» THE TASK:
Each line of the listing that contains the word "open" is to be copied.

☆ ☆ ☆ ☆ ☆

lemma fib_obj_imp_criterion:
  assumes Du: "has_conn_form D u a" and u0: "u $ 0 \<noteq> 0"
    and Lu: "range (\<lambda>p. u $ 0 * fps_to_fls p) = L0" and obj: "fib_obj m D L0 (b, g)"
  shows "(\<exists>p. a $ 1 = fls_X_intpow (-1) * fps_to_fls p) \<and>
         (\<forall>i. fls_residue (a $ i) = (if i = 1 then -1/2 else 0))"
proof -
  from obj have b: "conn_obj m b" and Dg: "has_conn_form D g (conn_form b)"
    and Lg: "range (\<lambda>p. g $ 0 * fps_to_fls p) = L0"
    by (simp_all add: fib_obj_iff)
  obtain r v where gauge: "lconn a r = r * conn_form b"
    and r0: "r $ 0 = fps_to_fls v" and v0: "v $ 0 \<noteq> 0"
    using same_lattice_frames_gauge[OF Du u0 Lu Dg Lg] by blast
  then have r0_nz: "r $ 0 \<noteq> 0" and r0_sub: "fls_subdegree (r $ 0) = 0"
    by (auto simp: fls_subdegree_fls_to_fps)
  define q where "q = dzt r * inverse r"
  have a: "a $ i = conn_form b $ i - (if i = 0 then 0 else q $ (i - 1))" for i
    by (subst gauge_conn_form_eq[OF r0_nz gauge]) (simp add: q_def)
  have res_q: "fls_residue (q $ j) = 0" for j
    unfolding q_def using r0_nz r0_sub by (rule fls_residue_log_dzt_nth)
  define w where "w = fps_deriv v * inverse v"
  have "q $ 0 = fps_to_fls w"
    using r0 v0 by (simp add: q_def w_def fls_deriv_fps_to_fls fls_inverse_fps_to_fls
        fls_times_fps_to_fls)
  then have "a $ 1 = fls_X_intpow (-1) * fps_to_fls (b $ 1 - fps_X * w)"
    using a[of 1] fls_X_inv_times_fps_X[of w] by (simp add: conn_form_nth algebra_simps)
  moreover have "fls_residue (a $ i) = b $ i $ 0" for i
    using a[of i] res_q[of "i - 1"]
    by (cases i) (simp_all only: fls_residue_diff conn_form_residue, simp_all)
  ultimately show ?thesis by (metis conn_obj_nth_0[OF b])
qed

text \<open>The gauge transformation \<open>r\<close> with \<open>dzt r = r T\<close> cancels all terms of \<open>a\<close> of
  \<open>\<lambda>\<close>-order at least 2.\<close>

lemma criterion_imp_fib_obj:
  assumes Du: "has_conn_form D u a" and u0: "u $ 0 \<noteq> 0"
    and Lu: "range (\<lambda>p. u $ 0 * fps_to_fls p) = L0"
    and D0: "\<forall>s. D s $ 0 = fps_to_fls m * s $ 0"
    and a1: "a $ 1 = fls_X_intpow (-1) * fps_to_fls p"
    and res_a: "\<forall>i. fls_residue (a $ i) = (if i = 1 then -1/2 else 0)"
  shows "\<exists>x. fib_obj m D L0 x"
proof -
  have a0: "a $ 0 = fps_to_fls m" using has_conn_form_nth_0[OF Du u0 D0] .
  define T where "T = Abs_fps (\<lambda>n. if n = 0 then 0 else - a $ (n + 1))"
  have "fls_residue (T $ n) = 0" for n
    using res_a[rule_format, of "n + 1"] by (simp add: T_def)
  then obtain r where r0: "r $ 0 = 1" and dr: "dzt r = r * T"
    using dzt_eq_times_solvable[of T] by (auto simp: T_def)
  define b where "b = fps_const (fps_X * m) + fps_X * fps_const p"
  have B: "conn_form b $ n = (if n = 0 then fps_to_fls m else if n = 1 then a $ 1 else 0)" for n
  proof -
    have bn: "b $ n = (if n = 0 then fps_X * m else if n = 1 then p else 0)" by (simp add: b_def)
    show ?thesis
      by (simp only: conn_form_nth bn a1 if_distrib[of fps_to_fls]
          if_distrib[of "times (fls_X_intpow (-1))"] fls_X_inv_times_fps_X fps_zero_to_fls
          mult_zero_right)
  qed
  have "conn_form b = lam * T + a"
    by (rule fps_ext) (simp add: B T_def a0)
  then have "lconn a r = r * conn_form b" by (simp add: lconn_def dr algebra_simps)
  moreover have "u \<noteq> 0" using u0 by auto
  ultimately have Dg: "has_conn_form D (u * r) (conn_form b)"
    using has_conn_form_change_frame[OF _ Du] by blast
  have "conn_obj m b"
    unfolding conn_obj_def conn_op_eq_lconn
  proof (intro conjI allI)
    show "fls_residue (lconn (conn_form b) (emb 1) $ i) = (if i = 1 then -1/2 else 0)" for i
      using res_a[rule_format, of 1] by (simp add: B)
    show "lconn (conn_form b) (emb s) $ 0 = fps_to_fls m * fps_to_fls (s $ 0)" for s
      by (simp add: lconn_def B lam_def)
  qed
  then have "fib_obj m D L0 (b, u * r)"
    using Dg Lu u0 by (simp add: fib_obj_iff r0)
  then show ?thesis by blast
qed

☆ ☆ ☆ ☆ ☆

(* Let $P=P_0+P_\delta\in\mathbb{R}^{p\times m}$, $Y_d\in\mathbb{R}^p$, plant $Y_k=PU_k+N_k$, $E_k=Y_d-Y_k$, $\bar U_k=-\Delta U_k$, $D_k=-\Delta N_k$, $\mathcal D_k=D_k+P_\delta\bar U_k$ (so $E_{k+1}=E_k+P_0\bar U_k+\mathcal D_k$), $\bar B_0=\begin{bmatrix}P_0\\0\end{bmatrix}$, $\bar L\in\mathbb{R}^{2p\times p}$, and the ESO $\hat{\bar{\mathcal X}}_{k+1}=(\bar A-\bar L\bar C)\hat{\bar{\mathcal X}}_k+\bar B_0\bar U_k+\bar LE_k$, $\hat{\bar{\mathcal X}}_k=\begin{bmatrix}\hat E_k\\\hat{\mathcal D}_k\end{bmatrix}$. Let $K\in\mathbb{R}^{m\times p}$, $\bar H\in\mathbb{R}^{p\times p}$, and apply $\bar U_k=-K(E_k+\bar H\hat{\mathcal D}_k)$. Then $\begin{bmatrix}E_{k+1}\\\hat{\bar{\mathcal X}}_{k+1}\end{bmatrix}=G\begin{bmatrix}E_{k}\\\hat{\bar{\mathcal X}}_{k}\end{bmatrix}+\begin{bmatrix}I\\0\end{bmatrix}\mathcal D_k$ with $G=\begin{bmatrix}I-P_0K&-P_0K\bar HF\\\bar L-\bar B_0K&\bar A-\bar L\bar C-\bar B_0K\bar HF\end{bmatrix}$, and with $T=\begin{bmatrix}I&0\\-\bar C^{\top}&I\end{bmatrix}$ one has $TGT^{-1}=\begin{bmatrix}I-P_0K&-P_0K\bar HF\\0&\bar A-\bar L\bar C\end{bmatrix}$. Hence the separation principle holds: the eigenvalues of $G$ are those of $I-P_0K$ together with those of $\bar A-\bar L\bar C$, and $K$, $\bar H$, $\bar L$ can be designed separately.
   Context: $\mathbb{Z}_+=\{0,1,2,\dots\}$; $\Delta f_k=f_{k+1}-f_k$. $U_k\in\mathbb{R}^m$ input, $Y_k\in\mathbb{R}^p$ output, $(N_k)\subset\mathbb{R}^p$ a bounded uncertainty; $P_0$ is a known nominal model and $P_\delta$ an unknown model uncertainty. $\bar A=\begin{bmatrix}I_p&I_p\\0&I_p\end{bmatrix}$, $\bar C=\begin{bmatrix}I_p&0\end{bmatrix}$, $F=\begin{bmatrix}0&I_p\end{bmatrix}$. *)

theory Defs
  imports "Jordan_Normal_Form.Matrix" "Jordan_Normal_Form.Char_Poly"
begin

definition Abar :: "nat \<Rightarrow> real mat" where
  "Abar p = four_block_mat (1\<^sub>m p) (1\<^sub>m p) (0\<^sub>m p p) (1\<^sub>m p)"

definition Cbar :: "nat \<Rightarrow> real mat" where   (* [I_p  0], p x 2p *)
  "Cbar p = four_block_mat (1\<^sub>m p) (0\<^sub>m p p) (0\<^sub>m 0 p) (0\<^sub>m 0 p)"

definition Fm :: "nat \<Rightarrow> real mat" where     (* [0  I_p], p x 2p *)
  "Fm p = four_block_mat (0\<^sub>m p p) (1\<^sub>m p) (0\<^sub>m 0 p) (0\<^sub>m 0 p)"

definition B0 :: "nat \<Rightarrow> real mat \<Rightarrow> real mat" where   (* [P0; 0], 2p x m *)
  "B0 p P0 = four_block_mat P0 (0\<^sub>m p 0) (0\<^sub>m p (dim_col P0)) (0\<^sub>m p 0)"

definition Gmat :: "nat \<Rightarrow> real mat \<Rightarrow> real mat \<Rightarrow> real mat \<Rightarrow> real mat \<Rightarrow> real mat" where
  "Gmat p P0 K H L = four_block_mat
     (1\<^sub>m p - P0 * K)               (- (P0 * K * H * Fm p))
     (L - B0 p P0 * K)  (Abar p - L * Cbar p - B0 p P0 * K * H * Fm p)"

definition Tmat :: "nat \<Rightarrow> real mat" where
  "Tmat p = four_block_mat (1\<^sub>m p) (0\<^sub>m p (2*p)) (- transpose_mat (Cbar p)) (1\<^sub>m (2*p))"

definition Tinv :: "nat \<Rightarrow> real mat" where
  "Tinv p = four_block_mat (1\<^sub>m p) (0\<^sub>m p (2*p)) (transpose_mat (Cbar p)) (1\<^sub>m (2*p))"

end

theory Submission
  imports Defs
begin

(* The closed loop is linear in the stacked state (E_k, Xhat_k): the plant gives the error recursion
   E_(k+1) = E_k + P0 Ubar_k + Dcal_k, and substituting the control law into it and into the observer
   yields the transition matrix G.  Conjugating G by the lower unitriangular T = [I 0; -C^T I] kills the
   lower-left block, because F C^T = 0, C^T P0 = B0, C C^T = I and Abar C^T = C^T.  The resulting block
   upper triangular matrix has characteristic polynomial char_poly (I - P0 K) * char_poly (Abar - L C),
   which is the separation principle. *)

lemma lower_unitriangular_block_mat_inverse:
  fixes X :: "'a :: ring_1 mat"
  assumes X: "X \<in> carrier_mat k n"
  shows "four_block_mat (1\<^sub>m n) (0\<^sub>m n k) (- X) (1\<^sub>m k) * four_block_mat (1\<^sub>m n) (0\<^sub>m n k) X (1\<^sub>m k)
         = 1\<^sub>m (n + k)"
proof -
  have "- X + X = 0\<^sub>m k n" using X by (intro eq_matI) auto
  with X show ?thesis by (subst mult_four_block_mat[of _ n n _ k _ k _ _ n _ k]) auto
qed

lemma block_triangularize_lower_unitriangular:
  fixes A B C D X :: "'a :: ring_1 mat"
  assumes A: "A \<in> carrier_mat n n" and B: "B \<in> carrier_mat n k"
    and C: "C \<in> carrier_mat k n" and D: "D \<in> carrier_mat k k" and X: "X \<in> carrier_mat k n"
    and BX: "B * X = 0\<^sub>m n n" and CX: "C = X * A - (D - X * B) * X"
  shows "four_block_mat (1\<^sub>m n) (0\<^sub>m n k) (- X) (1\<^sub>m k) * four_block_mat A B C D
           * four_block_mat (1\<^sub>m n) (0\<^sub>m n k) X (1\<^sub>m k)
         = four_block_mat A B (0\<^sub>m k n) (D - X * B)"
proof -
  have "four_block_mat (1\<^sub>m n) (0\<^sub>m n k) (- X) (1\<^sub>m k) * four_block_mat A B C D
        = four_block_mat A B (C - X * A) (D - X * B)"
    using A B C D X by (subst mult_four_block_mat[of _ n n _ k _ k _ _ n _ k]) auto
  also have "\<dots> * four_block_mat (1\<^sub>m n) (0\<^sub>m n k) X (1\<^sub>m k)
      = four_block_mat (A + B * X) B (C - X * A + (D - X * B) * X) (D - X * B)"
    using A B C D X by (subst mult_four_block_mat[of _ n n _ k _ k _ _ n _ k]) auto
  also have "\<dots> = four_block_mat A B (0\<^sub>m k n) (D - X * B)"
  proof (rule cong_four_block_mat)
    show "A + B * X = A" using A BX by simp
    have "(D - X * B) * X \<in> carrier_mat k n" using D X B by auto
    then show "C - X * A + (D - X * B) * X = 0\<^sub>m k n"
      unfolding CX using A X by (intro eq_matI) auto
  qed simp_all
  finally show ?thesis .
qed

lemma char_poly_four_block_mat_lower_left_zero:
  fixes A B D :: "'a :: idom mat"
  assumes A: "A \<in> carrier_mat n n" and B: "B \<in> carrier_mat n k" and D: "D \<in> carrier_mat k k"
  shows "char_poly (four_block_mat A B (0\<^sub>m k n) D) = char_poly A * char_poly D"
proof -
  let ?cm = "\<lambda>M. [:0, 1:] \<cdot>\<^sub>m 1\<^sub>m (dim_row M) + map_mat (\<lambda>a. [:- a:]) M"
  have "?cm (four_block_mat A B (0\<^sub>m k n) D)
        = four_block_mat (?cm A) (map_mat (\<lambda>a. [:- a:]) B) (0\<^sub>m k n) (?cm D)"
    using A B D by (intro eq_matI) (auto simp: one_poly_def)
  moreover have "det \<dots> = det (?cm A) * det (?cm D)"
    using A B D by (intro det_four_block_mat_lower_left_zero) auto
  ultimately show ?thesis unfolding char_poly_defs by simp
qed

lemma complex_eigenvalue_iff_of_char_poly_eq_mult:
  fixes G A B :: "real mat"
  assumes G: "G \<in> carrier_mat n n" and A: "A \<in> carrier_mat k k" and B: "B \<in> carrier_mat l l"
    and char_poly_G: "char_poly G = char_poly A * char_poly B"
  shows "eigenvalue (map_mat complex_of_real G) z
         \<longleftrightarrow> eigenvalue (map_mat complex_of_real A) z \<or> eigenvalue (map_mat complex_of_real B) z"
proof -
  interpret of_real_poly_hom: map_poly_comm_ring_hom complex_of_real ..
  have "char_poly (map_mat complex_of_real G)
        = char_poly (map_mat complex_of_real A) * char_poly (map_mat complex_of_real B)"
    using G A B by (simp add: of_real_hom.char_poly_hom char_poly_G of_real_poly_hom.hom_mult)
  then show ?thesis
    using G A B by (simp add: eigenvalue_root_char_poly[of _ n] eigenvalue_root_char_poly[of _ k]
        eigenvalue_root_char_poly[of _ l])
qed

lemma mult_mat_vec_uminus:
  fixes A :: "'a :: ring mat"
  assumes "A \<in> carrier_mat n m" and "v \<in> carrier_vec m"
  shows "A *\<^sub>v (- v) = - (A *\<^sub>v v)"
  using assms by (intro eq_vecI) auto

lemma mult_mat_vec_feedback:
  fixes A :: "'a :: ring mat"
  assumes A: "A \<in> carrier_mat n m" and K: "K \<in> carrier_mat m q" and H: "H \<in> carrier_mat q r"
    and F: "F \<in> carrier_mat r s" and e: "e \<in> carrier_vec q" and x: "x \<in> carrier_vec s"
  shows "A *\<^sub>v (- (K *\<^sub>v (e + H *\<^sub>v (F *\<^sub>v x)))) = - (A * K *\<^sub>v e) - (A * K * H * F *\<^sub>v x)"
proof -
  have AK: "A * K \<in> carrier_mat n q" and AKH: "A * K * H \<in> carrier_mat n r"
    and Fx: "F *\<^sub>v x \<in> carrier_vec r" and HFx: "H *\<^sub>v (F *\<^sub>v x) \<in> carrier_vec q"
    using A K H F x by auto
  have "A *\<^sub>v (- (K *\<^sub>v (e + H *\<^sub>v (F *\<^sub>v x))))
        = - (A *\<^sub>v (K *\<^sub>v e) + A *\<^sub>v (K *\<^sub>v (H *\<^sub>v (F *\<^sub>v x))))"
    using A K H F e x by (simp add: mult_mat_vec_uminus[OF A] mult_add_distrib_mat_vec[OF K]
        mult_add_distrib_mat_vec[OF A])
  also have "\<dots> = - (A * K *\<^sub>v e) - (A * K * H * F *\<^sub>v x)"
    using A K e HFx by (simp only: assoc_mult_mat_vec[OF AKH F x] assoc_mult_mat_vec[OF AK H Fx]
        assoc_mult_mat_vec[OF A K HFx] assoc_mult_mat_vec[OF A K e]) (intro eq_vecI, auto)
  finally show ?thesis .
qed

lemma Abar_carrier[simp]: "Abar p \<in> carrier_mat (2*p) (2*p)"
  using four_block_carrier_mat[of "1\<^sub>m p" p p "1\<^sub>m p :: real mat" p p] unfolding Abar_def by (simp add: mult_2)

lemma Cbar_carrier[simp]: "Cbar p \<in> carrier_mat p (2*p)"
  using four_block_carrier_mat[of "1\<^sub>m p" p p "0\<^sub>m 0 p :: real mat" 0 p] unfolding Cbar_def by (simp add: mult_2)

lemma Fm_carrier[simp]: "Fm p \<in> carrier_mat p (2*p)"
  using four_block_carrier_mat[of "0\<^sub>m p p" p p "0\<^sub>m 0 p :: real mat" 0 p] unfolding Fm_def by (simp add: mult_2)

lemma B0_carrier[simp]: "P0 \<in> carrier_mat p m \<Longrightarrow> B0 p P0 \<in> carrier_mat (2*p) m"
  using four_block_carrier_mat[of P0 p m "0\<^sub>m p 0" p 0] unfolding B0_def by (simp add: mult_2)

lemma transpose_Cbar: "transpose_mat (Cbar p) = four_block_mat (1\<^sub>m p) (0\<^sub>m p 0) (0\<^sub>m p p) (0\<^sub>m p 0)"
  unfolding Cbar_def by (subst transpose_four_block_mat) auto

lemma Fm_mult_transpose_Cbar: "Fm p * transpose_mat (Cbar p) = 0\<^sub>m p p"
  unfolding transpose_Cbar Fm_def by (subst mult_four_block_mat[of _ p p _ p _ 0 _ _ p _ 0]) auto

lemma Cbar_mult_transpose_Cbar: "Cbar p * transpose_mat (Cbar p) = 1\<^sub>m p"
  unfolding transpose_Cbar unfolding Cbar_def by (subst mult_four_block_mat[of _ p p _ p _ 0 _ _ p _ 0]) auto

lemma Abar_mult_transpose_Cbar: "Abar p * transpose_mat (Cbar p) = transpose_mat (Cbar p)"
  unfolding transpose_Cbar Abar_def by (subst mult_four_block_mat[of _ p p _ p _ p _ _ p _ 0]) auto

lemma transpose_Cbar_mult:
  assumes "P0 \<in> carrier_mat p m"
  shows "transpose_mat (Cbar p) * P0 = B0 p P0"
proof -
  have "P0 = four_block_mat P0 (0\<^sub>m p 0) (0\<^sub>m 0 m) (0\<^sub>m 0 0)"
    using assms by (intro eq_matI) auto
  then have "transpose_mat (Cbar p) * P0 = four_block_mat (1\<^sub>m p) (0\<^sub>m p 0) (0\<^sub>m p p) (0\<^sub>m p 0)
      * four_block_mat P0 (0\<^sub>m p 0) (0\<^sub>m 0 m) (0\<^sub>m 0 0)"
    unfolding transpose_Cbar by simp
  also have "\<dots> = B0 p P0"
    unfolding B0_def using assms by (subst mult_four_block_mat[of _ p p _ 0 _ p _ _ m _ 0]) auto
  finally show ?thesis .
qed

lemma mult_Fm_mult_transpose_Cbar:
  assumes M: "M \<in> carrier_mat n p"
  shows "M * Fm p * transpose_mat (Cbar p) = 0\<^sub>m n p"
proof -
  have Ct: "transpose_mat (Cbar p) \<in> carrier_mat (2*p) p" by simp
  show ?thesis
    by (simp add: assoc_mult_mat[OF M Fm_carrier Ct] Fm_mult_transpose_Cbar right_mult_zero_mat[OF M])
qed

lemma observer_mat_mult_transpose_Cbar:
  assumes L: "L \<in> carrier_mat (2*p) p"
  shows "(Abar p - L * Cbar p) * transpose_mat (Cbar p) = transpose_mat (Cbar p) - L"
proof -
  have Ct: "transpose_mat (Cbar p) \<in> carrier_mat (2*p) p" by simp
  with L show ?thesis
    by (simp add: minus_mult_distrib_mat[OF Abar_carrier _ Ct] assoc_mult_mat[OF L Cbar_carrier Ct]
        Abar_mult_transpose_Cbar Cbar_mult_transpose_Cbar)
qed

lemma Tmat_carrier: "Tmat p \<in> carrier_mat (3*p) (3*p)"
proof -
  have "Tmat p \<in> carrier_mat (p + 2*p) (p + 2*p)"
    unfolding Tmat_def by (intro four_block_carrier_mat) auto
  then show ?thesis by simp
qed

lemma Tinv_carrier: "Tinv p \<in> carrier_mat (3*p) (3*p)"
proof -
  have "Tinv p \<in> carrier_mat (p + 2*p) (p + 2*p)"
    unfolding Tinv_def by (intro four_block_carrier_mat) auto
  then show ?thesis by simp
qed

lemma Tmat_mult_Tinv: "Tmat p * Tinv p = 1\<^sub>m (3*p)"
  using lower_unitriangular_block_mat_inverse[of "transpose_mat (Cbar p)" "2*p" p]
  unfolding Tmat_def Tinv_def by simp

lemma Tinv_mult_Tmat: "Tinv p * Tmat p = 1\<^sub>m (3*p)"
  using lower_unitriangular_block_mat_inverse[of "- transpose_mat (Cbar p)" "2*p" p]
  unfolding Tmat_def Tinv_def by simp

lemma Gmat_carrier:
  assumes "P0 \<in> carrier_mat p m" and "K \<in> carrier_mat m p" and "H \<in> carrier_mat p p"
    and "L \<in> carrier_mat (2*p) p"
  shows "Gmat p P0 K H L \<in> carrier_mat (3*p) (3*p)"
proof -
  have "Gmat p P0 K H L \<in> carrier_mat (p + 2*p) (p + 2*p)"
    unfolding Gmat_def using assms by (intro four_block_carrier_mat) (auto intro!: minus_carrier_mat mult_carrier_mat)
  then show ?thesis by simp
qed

☆ ☆ ☆ ☆ ☆

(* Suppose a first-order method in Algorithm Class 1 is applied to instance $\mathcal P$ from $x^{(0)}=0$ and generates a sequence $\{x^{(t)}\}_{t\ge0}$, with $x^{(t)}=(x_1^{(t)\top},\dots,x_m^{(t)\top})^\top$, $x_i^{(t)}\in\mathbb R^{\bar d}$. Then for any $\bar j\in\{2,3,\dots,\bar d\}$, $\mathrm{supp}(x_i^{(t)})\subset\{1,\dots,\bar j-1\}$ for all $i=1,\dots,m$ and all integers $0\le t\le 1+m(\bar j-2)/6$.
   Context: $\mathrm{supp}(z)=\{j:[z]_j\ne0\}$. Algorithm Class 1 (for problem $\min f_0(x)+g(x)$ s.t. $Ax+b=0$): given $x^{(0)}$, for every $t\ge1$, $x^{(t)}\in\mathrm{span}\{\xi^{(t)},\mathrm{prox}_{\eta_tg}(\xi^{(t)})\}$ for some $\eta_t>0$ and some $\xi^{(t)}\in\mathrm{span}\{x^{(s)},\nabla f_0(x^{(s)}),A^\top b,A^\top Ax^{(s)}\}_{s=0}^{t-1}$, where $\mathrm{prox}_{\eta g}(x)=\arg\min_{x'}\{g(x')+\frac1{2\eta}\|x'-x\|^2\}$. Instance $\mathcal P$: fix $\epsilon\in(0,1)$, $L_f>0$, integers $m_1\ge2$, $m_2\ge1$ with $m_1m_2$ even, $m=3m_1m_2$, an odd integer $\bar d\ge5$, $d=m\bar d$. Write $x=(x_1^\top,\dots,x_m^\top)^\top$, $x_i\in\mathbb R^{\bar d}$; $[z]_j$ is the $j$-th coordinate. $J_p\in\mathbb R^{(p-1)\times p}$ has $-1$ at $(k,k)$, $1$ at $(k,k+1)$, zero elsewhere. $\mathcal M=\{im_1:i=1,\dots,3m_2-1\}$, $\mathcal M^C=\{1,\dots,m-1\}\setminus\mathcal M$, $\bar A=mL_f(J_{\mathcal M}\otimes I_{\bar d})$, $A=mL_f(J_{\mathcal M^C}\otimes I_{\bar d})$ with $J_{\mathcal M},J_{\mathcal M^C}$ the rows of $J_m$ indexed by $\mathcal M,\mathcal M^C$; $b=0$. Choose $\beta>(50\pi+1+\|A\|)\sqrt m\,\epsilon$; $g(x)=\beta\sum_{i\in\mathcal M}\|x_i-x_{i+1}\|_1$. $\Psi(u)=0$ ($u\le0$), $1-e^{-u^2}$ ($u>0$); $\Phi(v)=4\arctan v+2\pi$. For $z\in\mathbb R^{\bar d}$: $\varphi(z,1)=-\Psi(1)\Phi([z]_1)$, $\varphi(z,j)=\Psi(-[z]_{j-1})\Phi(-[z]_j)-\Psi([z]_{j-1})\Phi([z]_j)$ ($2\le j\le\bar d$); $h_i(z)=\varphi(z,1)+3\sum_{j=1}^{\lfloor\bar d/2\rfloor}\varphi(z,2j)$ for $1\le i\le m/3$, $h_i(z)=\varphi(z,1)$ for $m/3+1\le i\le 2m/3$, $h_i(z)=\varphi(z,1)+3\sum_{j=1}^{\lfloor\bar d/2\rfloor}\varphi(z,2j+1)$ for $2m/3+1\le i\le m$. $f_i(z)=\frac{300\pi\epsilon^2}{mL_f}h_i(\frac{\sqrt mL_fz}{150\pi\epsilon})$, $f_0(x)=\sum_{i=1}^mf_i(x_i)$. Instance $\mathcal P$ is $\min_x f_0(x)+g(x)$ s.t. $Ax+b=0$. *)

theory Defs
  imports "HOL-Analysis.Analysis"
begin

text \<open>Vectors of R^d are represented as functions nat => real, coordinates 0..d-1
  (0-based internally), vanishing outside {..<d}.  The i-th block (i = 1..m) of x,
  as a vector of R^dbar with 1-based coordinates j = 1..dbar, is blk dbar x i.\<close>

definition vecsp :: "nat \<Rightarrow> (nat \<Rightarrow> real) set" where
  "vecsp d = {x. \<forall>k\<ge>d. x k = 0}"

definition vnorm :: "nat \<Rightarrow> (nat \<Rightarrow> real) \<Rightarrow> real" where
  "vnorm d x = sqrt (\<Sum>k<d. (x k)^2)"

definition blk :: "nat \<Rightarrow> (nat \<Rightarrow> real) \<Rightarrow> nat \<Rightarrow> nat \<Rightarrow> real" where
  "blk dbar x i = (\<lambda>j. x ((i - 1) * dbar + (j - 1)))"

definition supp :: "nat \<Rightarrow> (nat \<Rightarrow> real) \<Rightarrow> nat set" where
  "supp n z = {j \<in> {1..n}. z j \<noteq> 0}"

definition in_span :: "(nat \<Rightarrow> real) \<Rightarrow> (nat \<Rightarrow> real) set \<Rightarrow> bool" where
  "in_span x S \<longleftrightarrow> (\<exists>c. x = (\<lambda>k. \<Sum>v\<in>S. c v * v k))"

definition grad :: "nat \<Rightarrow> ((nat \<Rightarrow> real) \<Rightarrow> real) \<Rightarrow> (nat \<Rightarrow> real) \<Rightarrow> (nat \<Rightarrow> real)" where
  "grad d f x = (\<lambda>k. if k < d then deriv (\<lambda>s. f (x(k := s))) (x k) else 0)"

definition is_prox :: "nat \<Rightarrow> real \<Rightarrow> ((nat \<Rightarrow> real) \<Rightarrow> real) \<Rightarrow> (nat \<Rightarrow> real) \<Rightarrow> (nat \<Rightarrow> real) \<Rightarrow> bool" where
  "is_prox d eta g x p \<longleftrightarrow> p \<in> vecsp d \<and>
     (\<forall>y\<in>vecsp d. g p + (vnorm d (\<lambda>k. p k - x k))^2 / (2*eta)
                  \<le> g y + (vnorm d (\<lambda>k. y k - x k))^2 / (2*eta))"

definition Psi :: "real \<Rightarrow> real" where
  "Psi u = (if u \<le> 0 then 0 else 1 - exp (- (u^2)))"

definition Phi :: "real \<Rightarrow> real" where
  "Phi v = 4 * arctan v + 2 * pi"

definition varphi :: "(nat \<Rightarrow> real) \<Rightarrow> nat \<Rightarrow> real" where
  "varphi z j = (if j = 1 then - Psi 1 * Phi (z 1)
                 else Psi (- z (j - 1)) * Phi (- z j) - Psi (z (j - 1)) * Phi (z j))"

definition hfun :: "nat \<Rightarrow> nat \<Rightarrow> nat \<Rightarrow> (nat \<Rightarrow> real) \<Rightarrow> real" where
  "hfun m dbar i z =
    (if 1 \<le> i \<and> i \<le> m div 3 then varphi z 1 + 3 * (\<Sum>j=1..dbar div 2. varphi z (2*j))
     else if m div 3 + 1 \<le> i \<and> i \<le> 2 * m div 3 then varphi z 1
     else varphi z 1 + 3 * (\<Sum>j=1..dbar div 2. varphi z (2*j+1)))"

☆ ☆ ☆ ☆ ☆

» EXERCISE OUTPUT:
text \<open>The gauge transformation \<open>r\<close> with \<open>dzt r = r T\<close> cancels all terms of \<open>a\<close> of
  \<open>\<lambda>\<close>-order at least 2.\<close>
text \<open>Vectors of R^d are represented as functions nat => real, coordinates 0..d-1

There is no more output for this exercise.